In economics, the banker graph is the belief function that Roger Farmer talks about.  The accumulated polynomial is the graph generator of what the agents does.  From the neural point of view, that model is exact, neurons form the minimal rate reduction graph which generates human actions, in sequence. Shopping habits is a multi modal rate counter, adapting toward a common finite ratio, low order, power series; a shopping clock.

Bot banker demand is blistering the economy

The Robin Report looks at the Macy's CEO and his comments on retail sales.  Near the end the Macy  CEO talks about promotions, discounts, loyalty points.  This is all banker bot food.  In otherwords, the CEO of Macy's is screaming, 'I need those smart cards and support for Macy Points.' 
Unfortunately, most major retailers seem to have focused primarily on the “cheaper” option, luring customers into the store where 50% off seems to be the new 30% off on most items, and creeping up. Retailers have failed to figure out how to give customers the other two options of newer and better.
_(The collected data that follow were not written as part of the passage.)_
(* If $U$ is a unicyclic graph, then every nontrivial 2-switch between two edges of $\operatorname{Cycles}(U)$ is a p-switch over $U$.
   Context: Graphs are finite, simple, undirected, labeled. A unicyclic graph is a connected graph with exactly one cycle; a pseudoforest is a graph each of whose components is a tree or a unicyclic graph. For vertices $a,b,c,d$, $A=\binom{a\ b}{c\ d}$ is interchangeable in $G$ if $ab,cd\in E(G)$, $\{a,b\}\cap\{c,d\}=\varnothing$, $ac,bd\notin E(G)$; the 2-switch $\tau_A$ sends $G$ to $G-ab-cd+ac+bd$ if $A$ is interchangeable and to $G$ otherwise (trivial); a 2-switch between edges $ab,cd$ is $\tau_A$ with $A=\binom{a\ b}{c\ d}$. A nontrivial 2-switch $\tau$ over a pseudoforest $G$ is a p-switch if $\tau(G)$ is a pseudoforest. $\operatorname{Cycles}(H)$ is the subgraph induced by vertices lying on some cycle of $H$. *)

theory Defs
  imports Main
begin

type_synonym 'a graph = "'a set \<times> 'a set set"

definition graph :: "'a graph \<Rightarrow> bool" where
  "graph G \<longleftrightarrow> finite (fst G) \<and>
     (\<forall>e\<in>snd G. \<exists>x y. x \<noteq> y \<and> e = {x, y} \<and> x \<in> fst G \<and> y \<in> fst G)"

definition adj :: "'a graph \<Rightarrow> 'a \<Rightarrow> 'a \<Rightarrow> bool" where
  "adj G x y \<longleftrightarrow> {x, y} \<in> snd G"

definition connected_graph :: "'a graph \<Rightarrow> bool" where
  "connected_graph G \<longleftrightarrow> graph G \<and> fst G \<noteq> {} \<and>
     (\<forall>u\<in>fst G. \<forall>v\<in>fst G. (adj G)\<^sup>*\<^sup>* u v)"
(* Let $G$ be a graph, $m\geq 2$, and $\mathcal{H}=(L,H)$ an $m$-fold cover of $G$. Let $e=uv\in E(G)$ and $H'=H-E_H(L(u),L(v))$, so that $\mathcal{H}'=(L,H')$ is an $m$-fold cover of $G-\{e\}$. If there is a natural bijection between the $\mathcal{H}'$-colorings of $G-\{e\}$ and the proper $m$-colorings of $G-\{e\}$, then $$P_{DP}(G,\mathcal{H})\geq P(G-\{e\},m)-\max\left\{P(G-\{e\},m)-P(G,m),\ \frac{P(G,m)}{m-1}\right\}.$$ Moreover, there exists an $m$-fold cover $\mathcal{H}^*=(L,H^* )$ of $G$ with $$P_{DP}(G,\mathcal{H}^* )=P(G-\{e\},m)-\max\left\{P(G-\{e\},m)-P(G,m),\ \frac{P(G,m)}{m-1}\right\}.$$
   Context: All graphs are finite and simple; $G-\{e\}$ is $G$ with edge $e$ deleted. $P(G,m)$ denotes the chromatic polynomial of $G$. A cover of a graph $G$ is a pair $\mathcal{H}=(L,H)$ where $H$ is a graph and $L:V(G)\to\mathcal{P}(V(H))$ satisfies: (1) the sets $L(u)$, $u\in V(G)$, partition $V(H)$; (2) for every $u$, $H[L(u)]$ is complete; (3) if $E_H(L(u),L(v))\neq\emptyset$ then $u=v$ or $uv\in E(G)$; (4) if $uv\in E(G)$ then $E_H(L(u),L(v))$ is a matching (possibly empty). Here $E_H(S,U)$ is the set of edges of $H$ between $S$ and $U$. The cover is $m$-fold if $|L(u)|=m$ for all $u$. An $\mathcal{H}$-coloring is an independent set of $H$ of size $|V(G)|$; $P_{DP}(G,\mathcal{H})$ is the number of $\mathcal{H}$-colorings. For an $m$-fold cover $\mathcal{H}=(L,H)$ of $G$, we say there is a natural bijection between the $\mathcal{H}$-colorings of $G$ and the proper $m$-colorings of $G$ if the elements of each $L(v)$ can be labeled $L(v)=\{(v,j):j\in[m]\}$ so that whenever $uv\in E(G)$, $(u,j)$ and $(v,j)$ are adjacent in $H$ for every $j\in[m]$. *)

theory Defs
  imports Complex_Main "HOL-Library.FuncSet"
begin

definition simple_graph :: "'a set \<Rightarrow> 'a set set \<Rightarrow> bool" where
  "simple_graph V E \<longleftrightarrow> finite V \<and>
     E \<subseteq> {e. \<exists>x y. e = {x, y} \<and> x \<noteq> y \<and> x \<in> V \<and> y \<in> V}"

definition edges_between :: "'a set set \<Rightarrow> 'a set \<Rightarrow> 'a set \<Rightarrow> 'a set set" where
  "edges_between EH S U = {f \<in> EH. \<exists>a\<in>S. \<exists>b\<in>U. f = {a, b}}"

definition is_matching :: "'a set set \<Rightarrow> bool" where
  "is_matching M \<longleftrightarrow> (\<forall>f\<in>M. \<forall>g\<in>M. f \<noteq> g \<longrightarrow> f \<inter> g = {})"

definition is_cover :: "'v set \<Rightarrow> 'v set set \<Rightarrow> ('v \<Rightarrow> 'c set) \<Rightarrow> 'c set \<Rightarrow> 'c set set \<Rightarrow> bool" where
  "is_cover V E L VH EH \<longleftrightarrow>
     simple_graph VH EH \<and>
     (\<Union>u\<in>V. L u) = VH \<and>
     (\<forall>u\<in>V. \<forall>w\<in>V. u \<noteq> w \<longrightarrow> L u \<inter> L w = {}) \<and>
     (\<forall>u\<in>V. \<forall>a\<in>L u. \<forall>b\<in>L u. a \<noteq> b \<longrightarrow> {a, b} \<in> EH) \<and>
     (\<forall>u\<in>V. \<forall>w\<in>V. edges_between EH (L u) (L w) \<noteq> {} \<longrightarrow> u = w \<or> {u, w} \<in> E) \<and>
     (\<forall>u\<in>V. \<forall>w\<in>V. {u, w} \<in> E \<longrightarrow> is_matching (edges_between EH (L u) (L w)))"

definition is_m_fold_cover :: "'v set \<Rightarrow> 'v set set \<Rightarrow> ('v \<Rightarrow> 'c set) \<Rightarrow> 'c set \<Rightarrow> 'c set set \<Rightarrow> nat \<Rightarrow> bool" where
  "is_m_fold_cover V E L VH EH m \<longleftrightarrow> is_cover V E L VH EH \<and> (\<forall>u\<in>V. card (L u) = m)"

text \<open>Number of H-colorings: independent sets of H of size |V(G)|.\<close>
definition P_DP :: "'v set \<Rightarrow> 'c set \<Rightarrow> 'c set set \<Rightarrow> nat" where
  "P_DP V VH EH = card {I. I \<subseteq> VH \<and> (\<forall>a\<in>I. \<forall>b\<in>I. {a, b} \<notin> EH) \<and> card I = card V}"

definition chrom :: "'v set \<Rightarrow> 'v set set \<Rightarrow> nat \<Rightarrow> nat" where
  "chrom V E m = card {f \<in> V \<rightarrow>\<^sub>E {..<m}. \<forall>x\<in>V. \<forall>y\<in>V. {x, y} \<in> E \<longrightarrow> f x \<noteq> f y}"

text \<open>Natural bijection: L(v) can be labeled (v,j), j in [m] (here j < m), with
  (u,j),(v,j) adjacent in H for every edge uv of G.\<close>
definition natural_bijection :: "'v set \<Rightarrow> 'v set set \<Rightarrow> ('v \<Rightarrow> 'c set) \<Rightarrow> 'c set set \<Rightarrow> nat \<Rightarrow> bool" where
  "natural_bijection V E L EH m \<longleftrightarrow>
     (\<exists>lab :: 'v \<Rightarrow> nat \<Rightarrow> 'c.
        (\<forall>v\<in>V. bij_betw (lab v) {..<m} (L v)) \<and>
        (\<forall>u\<in>V. \<forall>v\<in>V. {u, v} \<in> E \<longrightarrow> (\<forall>j<m. {lab u j, lab v j} \<in> EH)))"

end

theory Submission
  imports Defs "HOL-Combinatorics.Transposition"
begin

text \<open>Let N(i, j) be the number of proper m-colourings of G - e with u coloured i
  and w coloured j. Permuting colours shows that N(i, i) = a and N(i, j) = b for i \<noteq> j
  do not depend on i, j, so P(G - e, m) - P(G, m) = m a and P(G, m) / (m - 1) = m b.
  Since the labelling makes every edge of H' straight, the H-colourings are the
  lifts {(v, c v)} of the proper colourings c of G - e for which (u, c u)(w, c w) is not an
  edge of H. These cross edges form a matching, hence at most m pairs (i, j), each
  removing N(i, j) \<le> max a b colourings. Putting back the identity matching (if a \<ge> b) or
  a cyclic shift (if a < b) removes exactly m max a b.\<close>

lemma edges_between_commute: "edges_between X A B = edges_between X B A"
  unfolding edges_between_def by (auto simp: insert_commute)

lemma is_matching_subset: "is_matching M \<Longrightarrow> N \<subseteq> M \<Longrightarrow> is_matching N"
  unfolding is_matching_def by blast

lemma is_matching_eqI: "is_matching M \<Longrightarrow> f \<in> M \<Longrightarrow> g \<in> M \<Longrightarrow> f \<inter> g \<noteq> {} \<Longrightarrow> f = g"
  unfolding is_matching_def by blast

section \<open>Colourings with prescribed colours at two vertices\<close>

definition proper_colorings :: "'v set \<Rightarrow> 'v set set \<Rightarrow> nat \<Rightarrow> ('v \<Rightarrow> nat) set" where
  "proper_colorings V E m = {f \<in> V \<rightarrow>\<^sub>E {..<m}. \<forall>x\<in>V. \<forall>y\<in>V. {x, y} \<in> E \<longrightarrow> f x \<noteq> f y}"

lemma chrom_eq_card_proper_colorings: "chrom V E m = card (proper_colorings V E m)"
  unfolding chrom_def proper_colorings_def ..

lemma finite_proper_colorings: "finite V \<Longrightarrow> finite (proper_colorings V E m)"
  unfolding proper_colorings_def by (rule finite_subset[of _ "V \<rightarrow>\<^sub>E {..<m}"]) (auto intro!: finite_PiE)

lemma proper_colorings_add_edge:
  assumes "u \<in> V" "w \<in> V" "{u, w} \<in> E"
  shows "proper_colorings V E m = {c \<in> proper_colorings V (E - {{u, w}}) m. c u \<noteq> c w}"
proof -
  have "(\<forall>x\<in>V. \<forall>y\<in>V. {x, y} \<in> E \<longrightarrow> c x \<noteq> c y) \<longleftrightarrow>
      (\<forall>x\<in>V. \<forall>y\<in>V. {x, y} \<in> E - {{u, w}} \<longrightarrow> c x \<noteq> c y) \<and> c u \<noteq> c w"
    for c :: "_ \<Rightarrow> nat"
    using assms by (auto simp: doubleton_eq_iff) metis
  then show ?thesis
    unfolding proper_colorings_def by auto
qed

definition pinned_colorings :: "'v set \<Rightarrow> 'v set set \<Rightarrow> nat \<Rightarrow> 'v \<Rightarrow> 'v \<Rightarrow> nat \<Rightarrow> nat \<Rightarrow> ('v \<Rightarrow> nat) set" where
  "pinned_colorings V E m u w i j = {c \<in> proper_colorings V E m. c u = i \<and> c w = j}"
(* Suppose $Q$ satisfies Condition Q and the assignment satisfies Conditions MT and Close (stated in the context). Then for $r\in\{1,2\}$ and each $d\in\mathcal D$, \[ \frac1n\sum_{i=1}^{|\mathcal D|n}Y_i(d)^rI\{D_i=d\}\xrightarrow{P}E[Y_i(d)^r]. \]
   Context: Let $\mathcal D=\{1,\dots,|\mathcal D|\}$; $J_n=|\mathcal D|n$ units with $W_i=(Y_i(1),\dots,Y_i(|\mathcal D|),X_i)$ i.i.d. with distribution $Q$ (covariates $X_i$, Euclidean norm $|\cdot|$); $D_i\in\mathcal D$ is treatment; $A^{(n)}=(A_1,\dots,A_{J_n})$. Condition Q: for every $d$: (a) $E[\mathrm{Var}[Y_i(d)\mid X_i]]>0$; (b) $E[Y_i(d)^2]<\infty$; (c) $E[Y_i(d)\mid X_i=x]$, $E[Y_i(d)^2\mid X_i=x]$, $\mathrm{Var}[Y_i(d)\mid X_i=x]$ Lipschitz in $x$. Blocks $\lambda_j=\lambda_j(X^{(n)})$, $1\le j\le n$, sets of $|\mathcal D|$ elements partitioning $\{1,\dots,J_n\}$. Condition MT: $\{Y^{(n)}(d)\}_d\perp D^{(n)}\mid X^{(n)}$ and, given $X^{(n)}$, $(D_i:i\in\lambda_j)$ are i.i.d. across $j$, uniform over permutations of $(1,\dots,|\mathcal D|)$. Condition Close: $\frac1n\sum_j\max_{i,k\in\lambda_j}|X_i-X_k|^2\xrightarrow{P}0$. *)

theory Defs
  imports "HOL-Probability.Probability"
begin

definition conv_in_prob :: "'a measure \<Rightarrow> (nat \<Rightarrow> 'a \<Rightarrow> real) \<Rightarrow> real \<Rightarrow> bool" where
  "conv_in_prob M Z c \<longleftrightarrow>
     (\<forall>e>0. (\<lambda>n. measure M {\<omega> \<in> space M. \<bar>Z n \<omega> - c\<bar> > e}) \<longlonglongrightarrow> 0)"

definition sigma_of :: "'a measure \<Rightarrow> ('a \<Rightarrow> 'b::topological_space) \<Rightarrow> 'a measure" where
  "sigma_of M X = vimage_algebra (space M) X borel"

definition block_assignments :: "nat \<Rightarrow> nat \<Rightarrow> (nat \<Rightarrow> nat set) \<Rightarrow> (nat \<Rightarrow> nat) set" where
  "block_assignments K n B =
     {a \<in> {..<K*n} \<rightarrow>\<^sub>E {1..K}. \<forall>j<n. bij_betw a (B j) {1..K}}"

text \<open>Measurable space of one unit W_i = ((Y_i(d))_{d in {1..K}}, X_i).\<close>
definition unit_space :: "nat \<Rightarrow> ((nat \<Rightarrow> real) \<times> 'x::euclidean_space) measure" where
  "unit_space K = PiM {1..K} (\<lambda>_. borel) \<Otimes>\<^sub>M borel"

definition unit_rv :: "nat \<Rightarrow> (nat \<Rightarrow> nat \<Rightarrow> 'a \<Rightarrow> real) \<Rightarrow> (nat \<Rightarrow> 'a \<Rightarrow> 'x)
    \<Rightarrow> nat \<Rightarrow> 'a \<Rightarrow> (nat \<Rightarrow> real) \<times> 'x" where
  "unit_rv K Y X i \<omega> = (restrict (\<lambda>d. Y i d \<omega>) {1..K}, X i \<omega>)"

end

theory Submission
  imports Defs "HOL-Combinatorics.Transposition"
begin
They are so panicked about the declines in traffic and prices that they’ve all but given up on how to provide an irresistible customer experience.
However, since it costs twice as much to steal a new customer from a competitor than it does to increase your own loyal customer’s spend; and since your current loyal customer is two to three times more profitable; it’s a no-brainer to focus on your best customers in a share war environment.
And by now you have hopefully mastered some kind of big data analytics that profile those loyalists in minute detail. If you have not, that train is leaving the station, so you better hop on while you still can.
Therefore, since the strategy for winning share is to give priority to your loyal customers; and since you should know precisely who they are and what they are dreaming for, the tactics are pretty obvious. You focus all of your marketing on each and every one of these core customers: engaging them through virtual and real world advertising and communications; providing new, better and differentiated products; personalizing the in-store service, presentation and experience, including exclusive events. And you encourage them to include their friends and spread the word through social media.
And by the way, this strategy will also work to cross the street and steal customers away from your competitors because these shoppers will also want what your loyalists love you for.
My final point, of course, is that if you implement this integrated strategy it will make discounting-as-a –weapon-of-necessity into a weapon-of-choice … and may do away with discounting altogether. And not soon enough.
I know I’m preaching to the choir for many retailers and brands who have, and continue to operate with this strategy for their loyalty programs etc. However, it’s not only a good reminder, it’s good to never be happy with what you might consider “best” when you can always do better.
As for Terry’s comments about the consumer, I think the projection for flat spending is more about opportunism than a lack of confidence. With coupons, discounts, loyalty points and gifts-with-purchase more the rule than the exception today, consumers are spending less because they can. Retailers are giving them such incredible deals to win market share that consumers could not spend more if they wanted to. And Macy’s, as many of my shopping experts tell me, is one of the most promotional retailers out there.